Pauvre Pierrot, créé en 1891 et projeté jusqu'en 1892, met en scène des personnages de la commedia dell'arte. Réalisé sur une bobine de 36 mètres de long et comprenant 500 vignettes, le court-métrage narre les aventures d'Arlequin jouant des tours à Pierrot afin de l'empêcher de faire la cour à Colombine. Le thème de l'amoureux éconduit plaît particulièrement à Émile Reynaud, qui lui consacre un autre court-métrage en 1892 : Un bon bock. L'expérience visuelle est aussi sonore : le musicien Gaston Paulin accompagne l'opérateur au piano. Émile Reynaud réussit même à mettre en place un effet sonore électrique : en plaçant une lamelle d'argent sur l'image où Arlequin frappe Pierrot, il met au point un frappeur automatique synchronisé. En 1893, Émile Reynaud réalise Autour d'une cabine sur une bobine de 45 mètres, comprenant 636 vignettes. Plusieurs saynètes comiques se succèdent, mettant en scène un couple d'élégants vacanciers faisant face à un importun. La mode des bains de mer se ressent dans ce court-métrage, dont le décor ne va pas sans rappeler les falaises d'Étretat, l'une des stations balnéaires les plus courues de la seconde moitié du XIXe siècle.
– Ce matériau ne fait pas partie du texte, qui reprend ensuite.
(* Let $k\ge 1$ and let $v_0,\pi_1,v_1,\dots,\pi_k$ be generated by Approximate Value Iteration with errors $\epsilon_1,\dots,\epsilon_{k-1}$, and $\epsilon=\max_{1\le j<k}\operatorname{span}(\epsilon_j)$ (with $\epsilon=0$ if $k=1$). Let $\pi_{k,k}$ be the periodic non-stationary policy $\pi_k\,\pi_{k-1}\cdots\pi_1\,\pi_k\,\pi_{k-1}\cdots\pi_1\cdots$. Then $$\|v_*-v_{\pi_{k,k}}\|_\infty \le \left(\frac{\gamma}{1-\gamma}-\frac{\gamma^k}{1-\gamma^k}\right)\epsilon+\frac{\gamma^k}{1-\gamma^k}\operatorname{span}(v_*-v_0).$$
   Context: A Markov Decision Process with finite state space $S$, finite action space $A$, reward function $r(s,a)$, transition probabilities $p(s'|s,a)$ and discount factor $\gamma\in[0,1)$. For a (deterministic, stationary) policy $\pi:S\to A$, let $r_\pi(s)=r(s,\pi(s))$, let $P_\pi$ be the stochastic matrix $P_\pi(s,s')=p(s'|s,\pi(s))$, and let $T_\pi v=r_\pi+\gamma P_\pi v$ be the Bellman operator of $\pi$; $v_\pi$ is its unique fixed point. The Bellman optimality operator is $Tv=\max_\pi T_\pi v$ (componentwise), $v_*$ is its fixed point (the optimal value), and a policy $\pi$ is greedy with respect to $v$ if $T_\pi v=Tv$. For $f:S\to\mathbb R$, $\operatorname{span}(f)=\max_s f(s)-\min_s f(s)$. Approximate Value Iteration: from arbitrary $v_0$, for $j\ge0$ pick any $\pi_{j+1}$ greedy w.r.t. $v_j$ and set $v_{j+1}=T_{\pi_{j+1}}v_j+\epsilon_{j+1}$ with arbitrary errors $\epsilon_{j+1}:S\to\mathbb R$. A non-stationary policy $\sigma_0\sigma_1\cdots$ uses $\sigma_t$ at time $t$, with value $\sum_{t\ge0}\gamma^t P_{\sigma_0}\cdots P_{\sigma_{t-1}}r_{\sigma_t}$. *)

theory Defs
  imports "HOL-Analysis.Analysis"
begin

text \<open>Finite MDP: states of type 's::finite, actions of type 'a::finite,
  reward r s a, transition probabilities p s a s', discount g.
  Functions S -> R are represented as 's \<Rightarrow> real.\<close>

definition mdp :: "('s::finite \<Rightarrow> 'a::finite \<Rightarrow> real) \<Rightarrow> ('s \<Rightarrow> 'a \<Rightarrow> 's \<Rightarrow> real) \<Rightarrow> real \<Rightarrow> bool" where
  "mdp r p g \<longleftrightarrow> (\<forall>s a s'. 0 \<le> p s a s') \<and> (\<forall>s a. (\<Sum>s'\<in>UNIV. p s a s') = 1) \<and> 0 \<le> g \<and> g < 1"

definition Pmat :: "('s::finite \<Rightarrow> 'a \<Rightarrow> 's \<Rightarrow> real) \<Rightarrow> ('s \<Rightarrow> 'a) \<Rightarrow> 's \<Rightarrow> 's \<Rightarrow> real" where
  "Pmat p \<pi> s s' = p s (\<pi> s) s'"

definition Tpol :: "('s::finite \<Rightarrow> 'a \<Rightarrow> real) \<Rightarrow> ('s \<Rightarrow> 'a \<Rightarrow> 's \<Rightarrow> real) \<Rightarrow> real \<Rightarrow> ('s \<Rightarrow> 'a) \<Rightarrow> ('s \<Rightarrow> real) \<Rightarrow> 's \<Rightarrow> real" where
  "Tpol r p g \<pi> v s = r s (\<pi> s) + g * (\<Sum>s'\<in>UNIV. Pmat p \<pi> s s' * v s')"

definition vpol :: "('s::finite \<Rightarrow> 'a \<Rightarrow> real) \<Rightarrow> ('s \<Rightarrow> 'a \<Rightarrow> 's \<Rightarrow> real) \<Rightarrow> real \<Rightarrow> ('s \<Rightarrow> 'a) \<Rightarrow> 's \<Rightarrow> real" where
  "vpol r p g \<pi> = (THE v. Tpol r p g \<pi> v = v)"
Le Théâtre optique d'Émile Reynaud a beau être un succès éphémère, il demeure révolutionnaire. Dans un contexte d'exploration de l'image animée (elles sont contemporaines du kinétoscope d'Edison), les projections du Théâtre optique donnent à ce médium récent un véritable souffle narratif et préfigurent l'expérience collective d'une œuvre projetée. Le spectacle des Pantomimes lumineuses d'Émile Reynaud est inscrit depuis 2015 au Registre Mémoire du Monde de l'UNESCO.